Short-term oral pre-exposure prophylaxis against HIV-1 modulates the transcriptome of foreskin tissue in young men in Africa

Abstract

Whilst short-term oral pre-exposure prophylaxis (PrEP) with antiretroviral drugs in men who have sex with men has shown protection against HIV-1 infection, the impact of this regimen on the in vivo foreskin transcriptome is unknown. We collected foreskin tissue after voluntary medical male circumcision from 144 young men (72 from Uganda and 72 from South Africa) randomized to one to two doses of either oral tenofovir (TFV) disoproxil fumarate (FTC-TDF) or tenofovir alafenamide (FTC-TAF) or no drug (untreated controls). This novel approach allowed us to examine the impact of short-term oral PrEP on transcriptome of the male genital tract. A single dose of FTC-TDF did not affect the foreskin transcriptome in relation to control arm, however one dose of FTC-TAF induced upregulation of four genes AKAP8, KIAA0141, HSCB and METTL17. Following two doses of either FTC-TDF or FTC-TAF, there was an increase in 34 differentially expressed genes for FTC-TDF and 15 for FTC-TAF, with nine DEGs in common: KIAA0141, SAFB2, CACTIN, FXR2, AKAP8, HSCB, CLNS1A, DDX27 and DCAF15. Functional analysis of differentially expressed genes revealed modulation of biological processes related to mitochondrial stress (KIAA0141, HSCB and METTL17), anti-viral and anti-inflammatory pathways (CACTIN and AKAP8). Our results show that short-course on-demand oral PrEP in men modulates genes in foreskin tissue which are likely unfavorable to HIV acquisition and replication. We also describe an upregulated expression of genes involved in diverse mitochondria biology which may potentially result in worsened mitochondria-related. These results warrant further studies to assess the role of short-course and prolonged oral PrEP on biological processes of the foreskin mucosa.

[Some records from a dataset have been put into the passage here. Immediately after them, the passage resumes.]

(* Let $\Gamma$ be a connected $\mathbb Z$-leg-weighted graph, $w\in W(\Gamma)$ a weighting, and $\gamma$ a positive cycle for $w$. Let $\Gamma/\gamma$ be the graph obtained from $\Gamma$ by contracting every edge of $\gamma$, and $w|_{\Gamma/\gamma}$ the restricted weighting. Then $$c_w = c_{w|_{\Gamma/\gamma}}\times\{\mathbf 0\},$$ where $c_{w|_{\Gamma/\gamma}}\subseteq\mathbb Q_{\ge0}^{E(\Gamma/\gamma)}$ is the cone of the restricted weighting and $\mathbf 0$ is the zero vector of $\mathbb Q_{\ge0}^{E(\gamma)}$ (using $\mathbb Q_{\ge 0}^{E(\Gamma)}=\mathbb Q_{\ge0}^{E(\Gamma/\gamma)}\times\mathbb Q_{\ge0}^{E(\gamma)}$).
   Context: A graph consists of finite sets $V$ (vertices) and $H$ (half-edges), a map $\mathrm{end}\colon H\to V$, an involution $i$ of $H$, a genus $g\colon V\to\mathbb Z_{\ge0}$ and an integer twist $k$. Legs are fixed points of $i$; edges are pairs $\{h,i(h)\}$ with $h\neq i(h)$; a directed edge is a non-leg half-edge $h$ from $\mathrm{end}(h)$ to $\mathrm{end}(i(h))$. $\mathrm{val}(v)$ counts non-leg half-edges at $v$, $\kappa(v)=2g(v)-2+\mathrm{val}(v)$, $g(\Gamma)=b_1(\Gamma)+\sum g(v)$. A cycle is a closed walk of directed edges repeating no vertex or undirected edge. A weighting is $w\colon H\to\mathbb Z$ with $w(h)+w(i(h))=0$ for $h\ne i(h)$ and $\sum_{\mathrm{end}(h)=v}w(h)+k\kappa(v)=0$ for all $v$; $W(\Gamma)$ is the set of weightings with prescribed leg values (summing to $-k(2g(\Gamma)-2)$). Contracting edges (merging their endpoints, with genera of merged vertices adding up together with the first Betti number of the contracted subgraph) sends a weighting to a weighting on the contracted graph by restriction to the remaining half-edges. For a directed edge $e$ of a cycle $\gamma$, $w_\gamma(e)$ is the value of $w$ on the half-edge of $e$ at its source. $c_w\subseteq\mathbb Q_{\ge0}^{E}$ is the cone of $t$ with $\sum_{e\in\gamma}w_\gamma(e)t(e)=0$ for all cycles $\gamma$. A positive cycle for $w$ is a cycle $\gamma$ with $w_\gamma(e)>0$ for all $e\in\gamma$. *)

theory Defs
  imports Complex_Main
begin

record ('v, 'h) lgraph =
  verts  :: "'v set"
  hedges :: "'h set"
  endp   :: "'h \<Rightarrow> 'v"
  invol  :: "'h \<Rightarrow> 'h"
  genus  :: "'v \<Rightarrow> nat"
  twist  :: int

definition wf_graph :: "('v, 'h) lgraph \<Rightarrow> bool" where
  "wf_graph G \<longleftrightarrow> finite (verts G) \<and> finite (hedges G)
     \<and> (\<forall>h\<in>hedges G. endp G h \<in> verts G)
     \<and> (\<forall>h\<in>hedges G. invol G h \<in> hedges G \<and> invol G (invol G h) = h)"

definition is_leg :: "('v, 'h) lgraph \<Rightarrow> 'h \<Rightarrow> bool" where
  "is_leg G h \<longleftrightarrow> invol G h = h"

definition edges :: "('v, 'h) lgraph \<Rightarrow> 'h set set" where
  "edges G = {{h, invol G h} | h. h \<in> hedges G \<and> invol G h \<noteq> h}"

definition val :: "('v, 'h) lgraph \<Rightarrow> 'v \<Rightarrow> nat" where
  "val G v = card {h \<in> hedges G. endp G h = v \<and> invol G h \<noteq> h}"

definition kappa :: "('v, 'h) lgraph \<Rightarrow> 'v \<Rightarrow> int" where
  "kappa G v = 2 * int (genus G v) - 2 + int (val G v)"

definition adj :: "('v, 'h) lgraph \<Rightarrow> ('v \<times> 'v) set" where
  "adj G = {(endp G h, endp G (invol G h)) | h. h \<in> hedges G \<and> invol G h \<noteq> h}"

definition connected_graph :: "('v, 'h) lgraph \<Rightarrow> bool" where
  "connected_graph G \<longleftrightarrow> verts G \<noteq> {} \<and>
     (\<forall>u\<in>verts G. \<forall>v\<in>verts G. (u, v) \<in> (adj G)\<^sup>*)"

text \<open>Weightings (the leg values are whatever w assigns to legs; W(Gamma) fixes them).\<close>
definition is_weighting :: "('v, 'h) lgraph \<Rightarrow> ('h \<Rightarrow> int) \<Rightarrow> bool" where
  "is_weighting G w \<longleftrightarrow>
     (\<forall>h\<in>hedges G. invol G h \<noteq> h \<longrightarrow> w h + w (invol G h) = 0) \<and>
     (\<forall>v\<in>verts G. (\<Sum>h\<in>{h\<in>hedges G. endp G h = v}. w h) + twist G * kappa G v = 0)"

definition is_cycle :: "('v, 'h) lgraph \<Rightarrow> 'h list \<Rightarrow> bool" where
  "is_cycle G c \<longleftrightarrow> c \<noteq> [] \<and>
     (\<forall>h\<in>set c. h \<in> hedges G \<and> invol G h \<noteq> h) \<and>
     (\<forall>j<length c. endp G (invol G (c ! j)) = endp G (c ! ((j + 1) mod length c))) \<and>
     distinct (map (endp G) c) \<and>
     distinct (map (\<lambda>h. {h, invol G h}) c)"

definition cycle_edges :: "('v, 'h) lgraph \<Rightarrow> 'h list \<Rightarrow> 'h set set" where
  "cycle_edges G c = (\<lambda>h. {h, invol G h}) ` set c"

definition positive_cycle :: "('v, 'h) lgraph \<Rightarrow> ('h \<Rightarrow> int) \<Rightarrow> 'h list \<Rightarrow> bool" where
  "positive_cycle G w c \<longleftrightarrow> is_cycle G c \<and> (\<forall>h\<in>set c. w h > 0)"

text \<open>The cone c_w in Q_{>=0}^E, elements represented as functions on 'h set that vanish
  outside E. For a directed edge h of a cycle, w_gamma is the value of w at h (its source
  half-edge).\<close>
definition cone :: "('v, 'h) lgraph \<Rightarrow> ('h \<Rightarrow> int) \<Rightarrow> ('h set \<Rightarrow> rat) set" where
  "cone G w = {t. (\<forall>e\<in>edges G. t e \<ge> 0) \<and> (\<forall>e. e \<notin> edges G \<longrightarrow> t e = 0) \<and>
     (\<forall>c. is_cycle G c \<longrightarrow> (\<Sum>h\<leftarrow>c. of_int (w h) * t {h, invol G h}) = 0)}"

text \<open>Contraction of a set S of edges: vertices are the classes of V under the equivalence
  generated by S; half-edges of S are removed; the genus of a merged vertex is the sum of the
  genera plus the first Betti number of the contracted subgraph on that class.\<close>
definition sadj :: "('v, 'h) lgraph \<Rightarrow> 'h set set \<Rightarrow> ('v \<times> 'v) set" where
  "sadj G S = {(endp G h, endp G (invol G h)) | h. h \<in> hedges G \<and> {h, invol G h} \<in> S}"

definition vclass :: "('v, 'h) lgraph \<Rightarrow> 'h set set \<Rightarrow> 'v \<Rightarrow> 'v set" where
  "vclass G S v = {u \<in> verts G. (v, u) \<in> ((sadj G S) \<union> (sadj G S)\<inverse>)\<^sup>*}"

definition contract :: "('v, 'h) lgraph \<Rightarrow> 'h set set \<Rightarrow> ('v set, 'h) lgraph" where
  "contract G S = \<lparr> verts = vclass G S ` verts G,
     hedges = hedges G - \<Union>S,
     endp = (\<lambda>h. vclass G S (endp G h)),
     invol = invol G,
     genus = (\<lambda>C. (\<Sum>v\<in>C. genus G v) +
        nat (int (card {e\<in>S. \<exists>h\<in>e. h \<in> hedges G \<and> endp G h \<in> C}) - int (card C) + 1)),
     twist = twist G \<rparr>"

end

theory Submission
  imports Defs
begin

(* Since w is positive along the cycle c, the cycle relation of c is a sum of nonnegative terms
   w(h) t(e), so every t in the cone of G vanishes on the edges of c; the same holds trivially
   for the cone of the contraction, whose edges exclude them. A cycle of the contraction through the contracted vertex is closed up
   to a cycle of G by an arc of c, on which t vanishes. Conversely, a cycle of G becomes a closed
   walk of the contraction that may pass through the contracted vertex several times; cutting it
   at these passages and discarding edges of c splits it into cycles of the contraction. *)

lemma distinct_append_swap: "distinct (xs @ ys) \<Longrightarrow> distinct (ys @ xs)"
  by auto

lemma distinct_length_le_1: "length xs \<le> 1 \<Longrightarrow> distinct xs"
  by (cases xs) auto

lemma distinct_map_by_filter:
  assumes "distinct (map f (filter P xs))" "distinct (map f (filter (\<lambda>x. \<not> P x) xs))"
    "\<forall>x\<in>set xs. \<forall>y\<in>set xs. P x \<longrightarrow> \<not> P y \<longrightarrow> f x \<noteq> f y"
  shows "distinct (map f xs)"
  using assms by (induction xs) (auto split: if_splits)

fun walk :: "('v, 'h) lgraph \<Rightarrow> 'v \<Rightarrow> 'h list \<Rightarrow> 'v \<Rightarrow> bool" where
  "walk G a [] b \<longleftrightarrow> a = b"
| "walk G a (h # p) b \<longleftrightarrow> endp G h = a \<and> walk G (endp G (invol G h)) p b"

definition closed_walk :: "('v, 'h) lgraph \<Rightarrow> 'h list \<Rightarrow> bool" where
  "closed_walk G d \<longleftrightarrow> d \<noteq> [] \<and> (\<exists>a. walk G a d a)"

lemma walk_append: "walk G a (p @ q) b \<longleftrightarrow> (\<exists>m. walk G a p m \<and> walk G m q b)"
  by (induction p arbitrary: a) auto

lemma walk_iff_map:
  "walk G a p b \<longleftrightarrow> a # map (\<lambda>h. endp G (invol G h)) p = map (endp G) p @ [b]"
  by (induction p arbitrary: a) auto

lemma closed_walk_Cons [simp]:
  "closed_walk G (h # p) \<longleftrightarrow> walk G (endp G h) (h # p) (endp G h)"
  by (auto simp: closed_walk_def)

lemma closed_walk_rotate: "closed_walk G (u @ v) \<Longrightarrow> closed_walk G (v @ u)"
  by (auto simp: closed_walk_def walk_append)

lemma closed_walk_iff_rotate1:
  "closed_walk G d \<longleftrightarrow> d \<noteq> [] \<and> map (\<lambda>h. endp G (invol G h)) d = rotate1 (map (endp G) d)"
proof (cases d)
  case Nil
  then show ?thesis by (simp add: closed_walk_def)
next
  case (Cons h p)
  then show ?thesis by (simp add: walk_iff_map)
qed

lemma is_cycle_iff:
  "is_cycle G d \<longleftrightarrow> closed_walk G d \<and> (\<forall>h\<in>set d. h \<in> hedges G \<and> invol G h \<noteq> h) \<and>
     distinct (map (endp G) d) \<and> distinct (map (\<lambda>h. {h, invol G h}) d)"
proof -
  have "rotate1 (map (endp G) d) ! j = endp G (d ! ((j + 1) mod length d))" if "j < length d" for j
  proof -
    have "0 < length d" using that by linarith
    then have "(j + 1) mod length d < length d" by simp
    then show ?thesis using that by (simp add: nth_rotate1)
  qed
  then have "(\<forall>j<length d. endp G (invol G (d ! j)) = endp G (d ! ((j + 1) mod length d))) \<longleftrightarrow>
      map (\<lambda>h. endp G (invol G h)) d = rotate1 (map (endp G) d)"
    by (auto simp: list_eq_iff_nth_eq)
  then show ?thesis
    unfolding is_cycle_def closed_walk_iff_rotate1 by auto
qed

lemma is_cycle_rotate:
  assumes "is_cycle G (u @ v)"
  shows "is_cycle G (v @ u)"
  using assms distinct_append_swap[of "map (endp G) u" "map (endp G) v"]
    distinct_append_swap[of "map (\<lambda>h. {h, invol G h}) u" "map (\<lambda>h. {h, invol G h}) v"]
  unfolding is_cycle_iff by (auto simp del: distinct_append simp: closed_walk_rotate)

lemma cycle_edges_subset_edges: "is_cycle G c \<Longrightarrow> cycle_edges G c \<subseteq> edges G"
  unfolding is_cycle_def cycle_edges_def edges_def by blast

lemma cycle_arc:
  assumes c: "is_cycle G c" and a: "a \<in> endp G ` set c" and b: "b \<in> endp G ` set c"
  obtains p where "set p \<subseteq> set c" "walk G a p b" "b \<notin> endp G ` set p"
    "distinct (map (endp G) p)" "distinct (map (\<lambda>h. {h, invol G h}) p)"
proof -
  obtain h where h: "h \<in> set c" "a = endp G h" using a by blast
  obtain u r where "c = u @ h # r" using split_list[OF h(1)] by blast
  then have c': "is_cycle G ((h # r) @ u)" using c is_cycle_rotate by fastforce
  then have set_c': "set ((h # r) @ u) = set c" using \<open>c = u @ h # r\<close> by auto
  obtain g where g: "g \<in> set ((h # r) @ u)" "b = endp G g" using b set_c' by auto
  obtain p x where px: "(h # r) @ u = p @ g # x" using split_list[OF g(1)] by blast
  have "walk G a ((h # r) @ u) a" using c' h(2) unfolding is_cycle_iff by simp
  then have "walk G a (p @ g # x) a" by (simp only: px)
  then have "walk G a p b" using g(2) by (auto simp: walk_append)
  moreover have "set p \<subseteq> set c" using px set_c' by auto
  moreover have "b \<notin> endp G ` set p" "distinct (map (endp G) p)"
    "distinct (map (\<lambda>h. {h, invol G h}) p)"
    using c' g(2) unfolding px is_cycle_iff by auto
  ultimately show ?thesis using that by blast
qed

definition walk_sum ::
  "('v, 'h) lgraph \<Rightarrow> ('h \<Rightarrow> int) \<Rightarrow> ('h set \<Rightarrow> rat) \<Rightarrow> 'h list \<Rightarrow> rat" where
  "walk_sum G w t q = (\<Sum>h\<leftarrow>q. of_int (w h) * t {h, invol G h})"

definition cycle_balanced :: "('v, 'h) lgraph \<Rightarrow> ('h \<Rightarrow> int) \<Rightarrow> ('h set \<Rightarrow> rat) \<Rightarrow> bool" where
  "cycle_balanced G w t \<longleftrightarrow> (\<forall>d. is_cycle G d \<longrightarrow> walk_sum G w t d = 0)"

lemma walk_sum_simps [simp]:
  "walk_sum G w t [] = 0"
  "walk_sum G w t (h # q) = of_int (w h) * t {h, invol G h} + walk_sum G w t q"
  "walk_sum G w t (p @ q) = walk_sum G w t p + walk_sum G w t q"
  by (simp_all add: walk_sum_def)

lemma walk_sum_rotate: "walk_sum G w t (u @ v) = walk_sum G w t (v @ u)"
  by (simp add: add.commute)

lemma walk_sum_eq_0: "\<forall>h\<in>set q. t {h, invol G h} = 0 \<Longrightarrow> walk_sum G w t q = 0"
  by (induction q) auto

lemma cone_iff:
  "t \<in> cone G w \<longleftrightarrow> (\<forall>e\<in>edges G. 0 \<le> t e) \<and> (\<forall>e. e \<notin> edges G \<longrightarrow> t e = 0) \<and>
     cycle_balanced G w t"
  by (simp add: cone_def cycle_balanced_def walk_sum_def)

lemma positive_cycle_cone_vanishes:
  assumes "positive_cycle G w c" "t \<in> cone G w" "e \<in> cycle_edges G c"
  shows "t e = 0"
proof -
  have pos: "\<forall>h\<in>set c. 0 < w h" and cyc: "is_cycle G c"
    using assms(1) unfolding positive_cycle_def by auto
  have nonneg: "\<forall>h\<in>set c. 0 \<le> t {h, invol G h}"
    using assms(2) cycle_edges_subset_edges[OF cyc] by (auto simp: cone_def cycle_edges_def)
  then have "\<forall>h\<in>set c. 0 \<le> of_int (w h) * t {h, invol G h}"
    using pos by (simp add: less_imp_le)
  moreover have "walk_sum G w t c = 0"
    using assms(2) cyc by (simp add: cone_iff cycle_balanced_def)
  ultimately have "\<forall>h\<in>set c. of_int (w h) * t {h, invol G h} = 0"
    using sum_list_nonneg_eq_0_iff[of "map (\<lambda>h. of_int (w h) * t {h, invol G h}) c"]
    by (auto simp: walk_sum_def)
  then show ?thesis using assms(3) pos by (force simp: cycle_edges_def)
qed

Keywords: emtricitabine tenofovir; foreskin; inflammation; mitochondrial function; pre-exposure prophylaxis PrEP; transcriptomes.

Figure 1

Flow diagram of participants in the CHAPS trial. The participants are divided according to PrEP drug (FTC-TDF or FTC-TAF), number of PrEP doses (one or two) and interval between last dose and circumcision (5 or 21 hours). The number of included participants from South Africa is shown in the pink boxes and for Uganda in the orange boxes. Arm 1 consists of control individuals who did not receive PrEP. Each arm includes an equal number of participants from South Africa and from Uganda.

Figure 2

Differential gene expression analysis of South African and Ugandan cohorts. Individuals from South Africa and Uganda were stratified according to the type of administered PrEP drug and the expression of transcripts was compared to the corresponding control arm or between drug groups. Only comparisons with statistically significant (p < 0.05) differentially expressed genes (protein-coding, N=15378) are shown for each country.

Figure 3

Similarity of control specimens in Uganda and South Africa. To evaluate the extent of inter-country variability we performed a differential expression analysis between the control arms of South Africa and Uganda. Panel (A) depicts the distribution of control specimens produced by PCA; the overlap between the two countries is shown by corresponding ellipse. Panel (B) shows the detection of 3 DEGs between the controls from the two trial sites.

Figure 4

DEGs in merged PrEP-treatment arms as compared to control arm. All specimens from South Africa and Uganda were merged and stratified by administered PrEP drug. The merged arms were then compared to the control group and the statistically significant DEGs shown according to the administered PrEP drug.

Figure 5

Principal component analysis of Uganda and South Africa trial arms combined together. Specimens from the two trial sites were analyzed based on the type of PrEP and number of administered doses. PCA was then performed using protein coding transcripts (N=15378). The overlap between the trial arms from two countries is shown by corresponding ellipses. A color coding in the figure denotes the different trial arms.

Figure 6

Differential gene expression analysis comparing merged PrEP arms receiving different drugs and doses with control arm. Specimens from both South Africa and Uganda were grouped by the type of PrEP and number of administered doses. The expression of all transcripts was then compared to the control arm and statistically significant DEGs and their number are shown in red.

Figure 7

Clustering of gene ontology terms associated with DEGs in the merged drug and dose arms. GO associations with DEGs were established by using clusterProfiler to extract a single GO term for each DEG. The biological process GO terms associated with each of the identified DEGs were then analyzed using REVIGO and the semantic space clusters visualized for each PrEP regimen. GO terms are represented by circles, whose size indicates the relative number of genes included in the term. Circles are colored according to the significance (p-value) of the gene they represent. Labels correspond to the GO term determined to be representative of the cluster. Shared GO terms are shown in red.